For Houk, another central part of Tato is Alicia Dominguez Velarde, her son's late grandmother. Dominguez Velarde hailed from Mexico City, where she was a chef, and Houk often gushes about her simple mushrooms in a salsa verde and her roasted garlic and tomato rice. "I would give anything for a big bowl of her rice right now," Houk said, grinning.

Many of the recipes found on the menu are inspired by Dominguez Velarde. When she lived with Houk and her family in the Bayview, the two women would often do a "hybrid cooking thing together" because they loved each other's food. Houk said she always joked with Dominguez Velarde that she would open a restaurant in her honor one day. True to her word, the restaurant is a representation of both women and what they care for deeply — delicious Mexican food and sharing it with the people around them. Even the restaurant's name, Tato, is the nickname for Houk's son, Hudson.

"Something I think that is interesting about the Mexican culinary world and the history of it is that so much of it is oral," Houk said. "So this is one of those things that is really important to me was to remember her by way of preserving her recipes."

As the owner and face of Tato, Houk is a stalwart of the neighborhood. If she doesn't know someone who walks into her restaurant, she goes up to them immediately and introduces herself. If someone walks in and asks to put up a poster advertising their rap performance in a park, Houk is game. That's just the type of community feel she grew up with and champions every day.

Houk is originally from Des Moines, Iowa, and moved to San Francisco in 2000 after working in Colorado, London and Guatemala, where she helped Guatemalan women create sustainable businesses through mentorship programs and microloans.

She already knew San Francisco well, having visited many times to see her godmother, who lived here. "Because of those visits, I always knew I wanted to be in San Francisco," she said. When she decided to live here permanently, she landed in the Bayview and hasn't left.

"I was just blown away by how it felt like Iowa, to be honest," Houk said. "When I moved here, it was like my neighbors helped carry boxes inside and helped with work on my house. People just pitch in and help. It just really felt like a neighborhood that you wanted to raise a family in or that you wanted to invest in."

Although she loves the Bayview, no neighborhood is perfect.

"One of the things that really struck me was how few places and resources there were for people that were living here, like grocery stores, restaurants and cafes," she said. "To this day, we are still very low in numbers in that way."

That's why she wanted to use her love of food and culinary acumen to bring affordable food to a neighborhood that really needed it. She has no formal training but rather learned on the job while living with a family in Italy and working at their pizzeria, for instance, as well as spending countless hours in the kitchen with her late mother-in-law.

"Opening my pizza restaurant was a real eye-opener to just how cool this community is," she said. "People are just really nice here, and it's a real shame how the media spins it. There's a lot of inherent racism when, really, it's a community full of people who just love being here."

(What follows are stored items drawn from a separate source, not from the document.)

lemma mtrace_swap_mat: "M \<in> carrier_mat (dA*dB) (dA*dB) \<Longrightarrow> mtrace (swap_mat dA dB M) = mtrace M"
  unfolding mtrace_def by (simp add: sum_mult_split index_swap_mat) (rule sum.swap)

lemma ptrace_B_swap_mat: "ptrace_B dB dA (swap_mat dA dB M) = ptrace_A dA dB M"
  by (rule eq_matI) (simp_all add: index_ptrace_B index_ptrace_A index_swap_mat)

lemma ptrace_A_swap_mat: "ptrace_A dB dA (swap_mat dA dB M) = ptrace_B dA dB M"
  by (rule eq_matI) (simp_all add: index_ptrace_B index_ptrace_A index_swap_mat)

lemma madj_swap_mat: "M \<in> carrier_mat (dA*dB) (dA*dB) \<Longrightarrow> madj (swap_mat dA dB M) = swap_mat dA dB (madj M)"
  by (rule eq_mat_pair_indexI[of _ dB dA]) (simp_all add: index_swap_mat pair_index_less madj_carrier_mat carrier_matD)

lemma psd_swap_mat: assumes r: "psd (dA*dB) \<rho>" shows "psd (dB*dA) (swap_mat dA dB \<rho>)"
proof -
  have rc: "\<rho> \<in> carrier_mat (dA*dB) (dA*dB)" "madj \<rho> = \<rho>" using r unfolding psd_def by auto
  have "0 \<le> Re ((swap_mat dA dB \<rho> *\<^sub>v v) \<bullet>c v)" if v: "v \<in> carrier_vec (dB*dA)" for v
  proof -
    define w where "w = vec (dA*dB) (\<lambda>l. v $ ((l mod dB)*dA + l div dB))"
    have w: "w \<in> carrier_vec (dA*dB)" unfolding w_def by simp
    have "(swap_mat dA dB \<rho> *\<^sub>v v) \<bullet>c v
      = (\<Sum>b<dB. \<Sum>a<dA. (\<Sum>b'<dB. \<Sum>a'<dA. \<rho> $$ (a*dB+b, a'*dB+b') * v $ (b'*dA+a')) * cnj (v $ (b*dA+a)))"
      unfolding quadratic_form_sum[OF swap_mat_carrier_mat v] sum_mult_split by (simp add: index_swap_mat)
    also have "\<dots> = (\<Sum>a<dA. \<Sum>b<dB. (\<Sum>a'<dA. \<Sum>b'<dB. \<rho> $$ (a*dB+b, a'*dB+b') * w $ (a'*dB+b')) * cnj (w $ (a*dB+b)))"
      by (subst sum.swap, intro sum.cong refl, subst (2) sum.swap) (simp add: w_def pair_index_less)
    also have "\<dots> = (\<rho> *\<^sub>v w) \<bullet>c w"
      unfolding quadratic_form_sum[OF rc(1) w] sum_mult_split ..
    finally show ?thesis using r w unfolding psd_def by simp
  qed
  then show ?thesis unfolding psd_def using rc by (simp add: madj_swap_mat)
qed

lemma density_swap_mat: assumes "density (dA*dB) \<rho>" shows "density (dB*dA) (swap_mat dA dB \<rho>)"
proof -
  have "psd (dA*dB) \<rho>" "mtrace \<rho> = 1" using assms unfolding density_def by auto
  moreover have "\<rho> \<in> carrier_mat (dA*dB) (dA*dB)" using calculation(1) unfolding psd_def by simp
  ultimately show ?thesis unfolding density_def by (simp add: psd_swap_mat mtrace_swap_mat)
qed

lemma linear_opD:
  assumes "linear_op din dout \<Phi>"
  shows "X \<in> carrier_mat din din \<Longrightarrow> \<Phi> X \<in> carrier_mat dout dout"
    "X \<in> carrier_mat din din \<Longrightarrow> Y \<in> carrier_mat din din \<Longrightarrow> \<Phi> (X + Y) = \<Phi> X + \<Phi> Y"
    "X \<in> carrier_mat din din \<Longrightarrow> \<Phi> (c \<cdot>\<^sub>m X) = c \<cdot>\<^sub>m \<Phi> X"
  using assms unfolding linear_op_def by auto

lemma linear_op_minus: assumes T: "linear_op d d' T" and A: "A \<in> carrier_mat d d" and B: "B \<in> carrier_mat d d"
  shows "T (A - B) = T A - T B"
proof -
  have "A - B = A + (-1) \<cdot>\<^sub>m B" using A B by (intro eq_matI) auto
  then have "T (A - B) = T A + (-1) \<cdot>\<^sub>m T B" using A B by (simp add: linear_opD[OF T])
  also have "\<dots> = T A - T B" using linear_opD(1)[OF T A] linear_opD(1)[OF T B] by (intro eq_matI) auto
  finally show ?thesis .
qed

lemma linear_op_sum_mat: assumes T: "linear_op d d' T" and F: "finite F" and M: "\<And>x. x \<in> F \<Longrightarrow> M x \<in> carrier_mat d d"
  shows "T (mat d d (\<lambda>(p,q). \<Sum>x\<in>F. c x * M x $$ (p,q))) = mat d' d' (\<lambda>(p,q). \<Sum>x\<in>F. c x * T (M x) $$ (p,q))"
  using F M
proof (induction F rule: finite_induct)
  case empty
  have "T (0\<^sub>m d d) = T ((0::complex) \<cdot>\<^sub>m 0\<^sub>m d d)" by simp
  also have "\<dots> = 0 \<cdot>\<^sub>m T (0\<^sub>m d d)" by (rule linear_opD(3)[OF T zero_carrier_mat])
  also have "\<dots> = 0\<^sub>m d' d'" using linear_opD(1)[OF T zero_carrier_mat] by (intro eq_matI) auto
  finally have "T (0\<^sub>m d d) = 0\<^sub>m d' d'" .
  moreover have "mat k k (\<lambda>_. 0) = (0\<^sub>m k k :: complex mat)" for k
    by (intro eq_matI) auto
  ultimately show ?case by simp
next
  case (insert x F)
  have Mx: "M x \<in> carrier_mat d d" and TMx: "T (M x) \<in> carrier_mat d' d'"
    using insert linear_opD(1)[OF T] by auto
  have "mat d d (\<lambda>(p,q). \<Sum>y\<in>insert x F. c y * M y $$ (p,q)) = c x \<cdot>\<^sub>m M x + mat d d (\<lambda>(p,q). \<Sum>y\<in>F. c y * M y $$ (p,q))"
    using insert by (intro eq_matI) (auto simp: carrier_matD[OF Mx])
  then have "T (mat d d (\<lambda>(p,q). \<Sum>y\<in>insert x F. c y * M y $$ (p,q))) = c x \<cdot>\<^sub>m T (M x) + T (mat d d (\<lambda>(p,q). \<Sum>y\<in>F. c y * M y $$ (p,q)))"
    using Mx by (simp add: linear_opD[OF T])
  also have "T (mat d d (\<lambda>(p,q). \<Sum>y\<in>F. c y * M y $$ (p,q))) = mat d' d' (\<lambda>(p,q). \<Sum>y\<in>F. c y * T (M y) $$ (p,q))"
    by (rule insert.IH) (use insert.prems in auto)
  also have "c x \<cdot>\<^sub>m T (M x) + \<dots> = mat d' d' (\<lambda>(p,q). \<Sum>y\<in>insert x F. c y * T (M y) $$ (p,q))"
    using insert by (intro eq_matI) (auto simp: carrier_matD[OF TMx])
  finally show ?case .
qed

definition positive_map :: "nat \<Rightarrow> nat \<Rightarrow> (complex mat \<Rightarrow> complex mat) \<Rightarrow> bool" where
  "positive_map din dout \<Phi> \<longleftrightarrow> linear_op din dout \<Phi> \<and> (\<forall>X. psd din X \<longrightarrow> psd dout (\<Phi> X))"

lemma index_ampl: "i < k \<Longrightarrow> j < k \<Longrightarrow> a < dout \<Longrightarrow> a' < dout \<Longrightarrow>
  ampl k din dout \<Phi> X $$ (i*dout+a, j*dout+a') = \<Phi> (mat_block din X i j) $$ (a,a')"
  unfolding ampl_def mat_block_def by (simp add: pair_index_less)

lemma ampl_one: assumes X: "X \<in> carrier_mat din din" and \<Phi>: "\<Phi> X \<in> carrier_mat dout dout"
  shows "ampl 1 din dout \<Phi> X = \<Phi> X"
proof -
  have "mat din din (\<lambda>(p,q). X $$ (p,q)) = X" using X by (intro eq_matI) auto
  then show ?thesis unfolding ampl_def using \<Phi> by (intro eq_matI) auto
qed

lemma cp_map_imp_positive_map: assumes cp: "cp_map din dout \<Phi>" shows "positive_map din dout \<Phi>"
proof -
  have lin: "linear_op din dout \<Phi>" using cp unfolding cp_map_def by simp
  have "psd dout (\<Phi> X)" if X: "psd din X" for X
  proof -
    have Xc: "X \<in> carrier_mat din din" using X unfolding psd_def by simp
    have "ampl 1 din dout \<Phi> X = \<Phi> X" by (rule ampl_one[where \<Phi>=\<Phi>, OF Xc linear_opD(1)[OF lin Xc]])
    then show ?thesis using cp X unfolding cp_map_def by (metis mult_1)
  qed
  then show ?thesis using lin unfolding positive_map_def by simp
qed

lemma mtrace_ampl: assumes T: "linear_op d d' T"
  shows "mtrace (ampl k d d' T X) = mtrace (T (ptrace_A k d X))"
proof -
  have "mtrace (ampl k d d' T X) = (\<Sum>b<k. \<Sum>a<d'. T (mat_block d X b b) $$ (a,a))"
    unfolding mtrace_def by (simp add: ampl_def sum_mult_split index_ampl[symmetric] pair_index_less)
  also have "\<dots> = mtrace (mat d' d' (\<lambda>(p,q). \<Sum>b<k. 1 * T (mat_block d X b b) $$ (p,q)))"
    unfolding mtrace_def by (simp add: sum.swap[of _ "{..<d'}"])
  also have "mat d' d' (\<lambda>(p,q). \<Sum>b<k. 1 * T (mat_block d X b b) $$ (p,q)) =
      T (mat d d (\<lambda>(p,q). \<Sum>b<k. 1 * mat_block d X b b $$ (p,q)))"
    by (rule linear_op_sum_mat[symmetric, OF T]) auto
  also have "mat d d (\<lambda>(p,q). \<Sum>b<k. 1 * mat_block d X b b $$ (p,q)) = ptrace_A k d X"
    by (intro eq_matI) (simp_all add: index_ptrace_A)
  finally show ?thesis .
qed

definition swap_map :: "nat \<Rightarrow> nat \<Rightarrow> (complex mat \<Rightarrow> complex mat) \<Rightarrow> complex mat \<Rightarrow> complex mat" where
  "swap_map dA dB P X = swap_mat dA dB (P (swap_mat dB dA X))"

lemma positive_map_swap_map: assumes P: "positive_map (dA*dB) (dA*dB) P"
  shows "positive_map (dB*dA) (dB*dA) (swap_map dA dB P)"
proof -
  have lin: "linear_op (dA*dB) (dA*dB) P" using P unfolding positive_map_def by simp
  have "linear_op (dB*dA) (dB*dA) (swap_map dA dB P)"
    unfolding linear_op_def swap_map_def
    using linear_opD[OF lin] by (simp add: swap_mat_add swap_mat_smult)
  moreover have "psd (dB*dA) (swap_map dA dB P X)" if "psd (dB*dA) X" for X
    using P psd_swap_mat that unfolding positive_map_def swap_map_def by blast
  ultimately show ?thesis unfolding positive_map_def by blast
qed

lemma mtrace_swap_map:
  assumes P: "linear_op (dA*dB) (dA*dB) P" and tp: "\<forall>X\<in>carrier_mat (dA*dB) (dA*dB). mtrace (P X) = mtrace X"
  shows "\<forall>X\<in>carrier_mat (dB*dA) (dB*dA). mtrace (swap_map dA dB P X) = mtrace X"
proof
  fix X :: "complex mat" assume X: "X \<in> carrier_mat (dB*dA) (dB*dA)"
  have "P (swap_mat dB dA X) \<in> carrier_mat (dA*dB) (dA*dB)" by (rule linear_opD(1)[OF P swap_mat_carrier_mat])
  then show "mtrace (swap_map dA dB P X) = mtrace X" using tp X unfolding swap_map_def by (simp add: mtrace_swap_mat)
qed

lemma density_scaled_psd_add: assumes X: "psd n X" and \<rho>0: "density n \<rho>0"
  obtains c :: real where "c > 0" "density n (complex_of_real (1/c) \<cdot>\<^sub>m (X + \<rho>0))"
proof -
  have Xc: "X \<in> carrier_mat n n" and rc: "\<rho>0 \<in> carrier_mat n n"
    using X \<rho>0 unfolding psd_def density_def by auto
  define c where "c = Re (mtrace (X + \<rho>0))"
  have "mtrace (X + \<rho>0) = mtrace X + 1" using mtrace_add[OF Xc rc] \<rho>0 unfolding density_def by simp
  then have c: "c > 0" using psd_mtrace[OF X] unfolding c_def by simp
  have XY: "psd n (X + \<rho>0)" using psd_add[OF X] \<rho>0 unfolding density_def by simp
  have "mtrace (X + \<rho>0) = complex_of_real c" using psd_mtrace(1)[OF XY] unfolding c_def .
  then have "mtrace (complex_of_real (1/c) \<cdot>\<^sub>m (X + \<rho>0)) = 1" using c mtrace_smult[of "X + \<rho>0" n] Xc rc by simp
  then show thesis using that[OF c] psd_smult[OF XY, of "1/c"] c unfolding density_def by simp
qed

lemma ptrace_B_no_signalling_psd:
  assumes P: "linear_op (dA*dB) (dA*dB) P" and T: "linear_op dA dA T"
    and ns: "\<forall>\<rho>. density (dA*dB) \<rho> \<longrightarrow> ptrace_B dA dB (P \<rho>) = T (ptrace_B dA dB \<rho>)"
    and \<rho>0: "density (dA*dB) \<rho>0" and X: "psd (dA*dB) X"
  shows "ptrace_B dA dB (P X) = T (ptrace_B dA dB X)"
proof -
  have Xc: "X \<in> carrier_mat (dA*dB) (dA*dB)" and rc: "\<rho>0 \<in> carrier_mat (dA*dB) (dA*dB)"
    using X \<rho>0 unfolding psd_def density_def by auto
  \<comment> \<open>the hypothesis applies to the state obtained by normalising X + \<rho>0, and P, T are linear\<close>
  obtain c :: real where c: "c > 0" and "density (dA*dB) (complex_of_real (1/c) \<cdot>\<^sub>m (X + \<rho>0))"
    using density_scaled_psd_add[OF X \<rho>0] by blast
  let ?k = "complex_of_real (1/c)"
  from \<open>density (dA*dB) (?k \<cdot>\<^sub>m (X + \<rho>0))\<close> have "ptrace_B dA dB (P (?k \<cdot>\<^sub>m (X + \<rho>0))) = T (ptrace_B dA dB (?k \<cdot>\<^sub>m (X + \<rho>0)))"
    using ns by blast
  then have "?k \<cdot>\<^sub>m (ptrace_B dA dB (P X) + ptrace_B dA dB (P \<rho>0)) = ?k \<cdot>\<^sub>m (T (ptrace_B dA dB X) + T (ptrace_B dA dB \<rho>0))"
    using Xc rc linear_opD(1)[OF P Xc] linear_opD(1)[OF P rc]
    by (simp add: linear_opD[OF P] linear_opD[OF T] ptrace_B_smult ptrace_B_add)
  moreover have "ptrace_B dA dB (P \<rho>0) = T (ptrace_B dA dB \<rho>0)" using ns \<rho>0 by blast
  ultimately have E: "?k \<cdot>\<^sub>m (ptrace_B dA dB (P X) + T (ptrace_B dA dB \<rho>0)) = ?k \<cdot>\<^sub>m (T (ptrace_B dA dB X) + T (ptrace_B dA dB \<rho>0))"
    by simp
  have TX: "T (ptrace_B dA dB X) \<in> carrier_mat dA dA" and T\<rho>: "T (ptrace_B dA dB \<rho>0) \<in> carrier_mat dA dA"
    using linear_opD(1)[OF T] by auto
  show ?thesis
  proof (rule eq_matI)
    fix i j assume "i < dim_row (T (ptrace_B dA dB X))" "j < dim_col (T (ptrace_B dA dB X))"
    then have "i < dA" "j < dA" using TX by auto
    then have "?k * (ptrace_B dA dB (P X) $$ (i,j) + T (ptrace_B dA dB \<rho>0) $$ (i,j)) =
        ?k * (T (ptrace_B dA dB X) $$ (i,j) + T (ptrace_B dA dB \<rho>0) $$ (i,j))"
      using arg_cong[OF E, of "\<lambda>M. M $$ (i,j)"] TX T\<rho> by simp
    then show "ptrace_B dA dB (P X) $$ (i,j) = T (ptrace_B dA dB X) $$ (i,j)" using c by simp
  qed (use TX in auto)
qed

If there's anything that the Bayview has in spades, it's a sense of community.

"It's really one of those overlooked neighborhoods. There's a really high percentage of home ownership, so people that live here, they really live here. They are doing things for their community," Houk said.

It only made sense to give back to a community that has given her a home and so much more. That's the whole point of Taco Love on Fridays.

"There's no judgment," Houk said. "Maybe it's somebody who's falling on hard times or maybe someone who is actually homeless, or maybe it's someone in the industry that had a s—ty night the night before, and they're like, 'I'm short on cash, and I want to have a nice lunch.' We don't ever turn anyone away."

Tato , 4608 Third St., San Francisco. Open Tuesday through Saturday, 11 a.m.-4 p.m. Closed Sunday and Monday.